■ WORK REQUEST ■
Your answer should be the lines from the one containing "theory Defs" through the final line below, copied exactly.

■ INFORMATION SHOWN ■
[Start of section]

(* In the layer stripping setup (see context), with $\Theta(t):=\frac{1}{\sqrt{1+|t|^2}}\begin{pmatrix}1&-t\\\overline t&1\end{pmatrix}$ for $t\in\mathbb C$: (a) $a_{0,k}=a_{0,k-1}\sqrt{1+|\gamma_{k-1}|^2}$ for every $1\le k\le n$; in particular $a_{0,0}\le a_{0,1}\le\dots\le a_{0,n-1}$. (b) For every $0\le k\le n-1$: $\|G_k\Theta(\gamma_k)\|_2=\|G_k\|_2$ and $\|G_k\Theta(\gamma_k)\|_F=\|G_k\|_F=\|G_0\|_F=1$. (c) For every $0\le k\le n-2$: $\|G_{k+1}\|_1=\|G_k\Theta(\gamma_k)\|_1$. (d) $|a_{j,k}|\le1$ and $|b_{j,k}|\le1$ for all $0\le k\le n-1$, $0\le j\le n-k-1$. (e) $|\gamma_k|\le\Big(a_{0,0}\prod_{j=0}^{k-1}\sqrt{1+|\gamma_j|^2}\Big)^{-1}$ for every $0\le k\le n-1$.
   Context: For a Laurent polynomial $a$, $a^*(z):=\overline{a(1/\overline z)}$. $\mathcal S$ is the set of pairs $(a,b)$ of Laurent polynomials with $aa^*+bb^*=1$ and $0<a^*(0)<\infty$; the NLFT is a bijection from compactly supported sequences $\mathbb Z\to\mathbb C$ onto $\mathcal S$, where the NLFT of $\boldsymbol\gamma$ supported in $[p,q]$ is $\prod_{k=p}^{q}\frac{1}{\sqrt{1+|\gamma_k|^2}}\begin{pmatrix}1&\gamma_k z^k\\-\overline{\gamma_k}z^{-k}&1\end{pmatrix}=\begin{pmatrix}a&b\\-b^*&a^*\end{pmatrix}$ (product ordered by increasing $k$). Layer stripping setup: let $n\ge1$ and $(a,b)\in\mathcal S$ with $b$ a polynomial of degree at most $n-1$. Set $a_0^*:=a^*$, $b_0:=b$, and for $k=0,\dots,n-1$ define recursively $\gamma_k:=b_k(0)/a_k^*(0)$, $a_{k+1}^*:=(a_k^*+\overline{\gamma_k}b_k)/\sqrt{1+|\gamma_k|^2}$, $b_{k+1}:=(b_k-\gamma_k a_k^* )/(z\sqrt{1+|\gamma_k|^2})$. (It is known that this is well defined, that $a_k^*,b_k$ are polynomials of degree at most $n-1-k$ with $a_k^*(0)>0$, that $a_n^*\equiv1$, $b_n\equiv0$, and that $(\gamma_0,\dots,\gamma_{n-1})$, extended by zero, is the unique sequence whose NLFT is $(a,b)$.) Write $a_k^*(z)=\sum_{j=0}^{n-1-k}a_{j,k}z^j$, $b_k(z)=\sum_{j=0}^{n-1-k}b_{j,k}z^j$, $\mathbf a_k:=(a_{0,k},\dots,a_{n-1-k,k})^T$, $\mathbf b_k:=(b_{0,k},\dots,b_{n-1-k,k})^T$ and $G_k:=(\mathbf a_k,\mathbf b_k)\in\mathbb C^{(n-k)\times2}$; conventions $a_{n-k,k}:=0$ for $0\le k\le n-1$ and $a_{0,n}:=1$. $\|\cdot\|_1,\|\cdot\|_2$ are induced matrix norms, $\|\cdot\|_F$ the Frobenius norm. *)

theory Defs
  imports Complex_Main "HOL-Library.Complex_Order" "Jordan_Normal_Form.Matrix"
begin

[End of section]

■ ANSWER TO THIS PROBLEM ■
theory Defs
  imports Complex_Main "HOL-Library.Complex_Order" "Jordan_Normal_Form.Matrix"
begin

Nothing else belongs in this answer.